Kenneth D. Crews is an American copyright scholar and librarian. He is particularly noted for his scholarship around educational and library exceptions in copyright law, and was commissioned by WIPO to write an examination of those exceptions around the world. He is a frequent speaker and consultant on library-related copyright matters, and was called for expert testimony in the Cambridge University Press v. Becker copyright case challenging the practice of Georgia State University's e-reserves system. Crews is noted for pioneering the concept of the "fair use checklist", which has enjoyed widespread use in libraries and academic computing departments.

Crews earned a bachelor's degree from Northwestern University in history, a J.D. degree from Washington University School of Law, and M.L.S. and Ph.D. degrees in library science from UCLA. His dissertation won awards from both the Association of College and Research Libraries and the Association for the Study of Higher Education.

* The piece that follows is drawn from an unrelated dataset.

(* Let $d$ be even, let $n>2d$ be prime, let $\omega=e^{2\pi i/n}$, and let $T$ be a $d\times d$ Cauchy matrix over $\mathbb{F}_n$. Define the $n^d\times n^d$ complex matrix $W_T$ by $(W_T)_{(i_1,\dots,i_d),(j_1,\dots,j_d)}=\omega^{(i_1,\dots,i_d)\,T\,(j_1,\dots,j_d)^{\top}}$ (the exponent computed in $\mathbb{F}_n$). Then for every $\kappa\subseteq[d]$, the matrix $W_T^{\top_\kappa}$ has rank $n^d$.
   Context: A Cauchy matrix over $\mathbb{F}_n$ is $T_{ab}=1/(x_a-y_b)$ for pairwise distinct elements $x_1,\dots,x_d,y_1,\dots,y_d\in\mathbb{F}_n$; every square submatrix of it is nonsingular. Indices $i_k,j_k\in[n]$ are regarded as elements of $\mathbb{F}_n$. For $k\in[d]$, $M^{\top_k}_{(i_1,\dots,i_d),(j_1,\dots,j_d)}=M_{(\dots,i_{k-1},j_k,i_{k+1},\dots),(\dots,j_{k-1},i_k,j_{k+1},\dots)}$ and $M^{\top_\kappa}$ composes these over $k\in\kappa$. *)

theory Defs
  imports Complex_Main "Jordan_Normal_Form.DL_Rank"
begin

From 1980 to 1990, Crews practiced business and corporate law in Los Angeles. His first academic appointment, in 1990, was as associate professor of Business Law at San Jose State University. Beginning in 1994, Crews joined the faculty of law and of library & information science at IUPUI, where he established the first university-based copyright office. In 2003, Crews also joined the faculty of the Munich Intellectual Property Law Center. In 2008, Crews joined Columbia University as the director of the "Copyright Advisory Office" and an adjunct faculty member at the Columbia University law school.

In February 2014 Crews stepped down as director of Columbia's Copyright Advisory Office, and joined a private law firm in Los Angeles, while maintaining ties to the university, and continuing as a faculty member in the Munich program. Dr. Crews has given professional talks on copyright policy in forty-four US states and more than thirty countries of the world.

Earlier in his career, Crews's scholarship focussed on constitutional law and legal history. He is the author of two books on Edward Samuel Corwin, a leading constitutional scholar during the twentieth century.

==Notable works==
- Copyright, Fair Use, and the Challenge for Universities: Promoting the Progress of Higher Education (The University of Chicago Press, 1993).
- Study on Copyright Limitations and Exceptions for Libraries and Archives, WIPO (2008), which contains a 70-page analysis of the exceptions.
- Study on Copyright Limitations and Exceptions for Libraries and Archives, WIPO (2015), which analyses the statutes of all 188 WIPO countries.
- Copyright Law for Librarians and Educators (1st edition 2000; 3rd edition, 2012).

==Awards==
- L. Ray Patterson Copyright Award, American Library Association (2005) (first recipient)
- Mark T. Banner Award, American Bar Association, Section of Intellectual Property Law (2014)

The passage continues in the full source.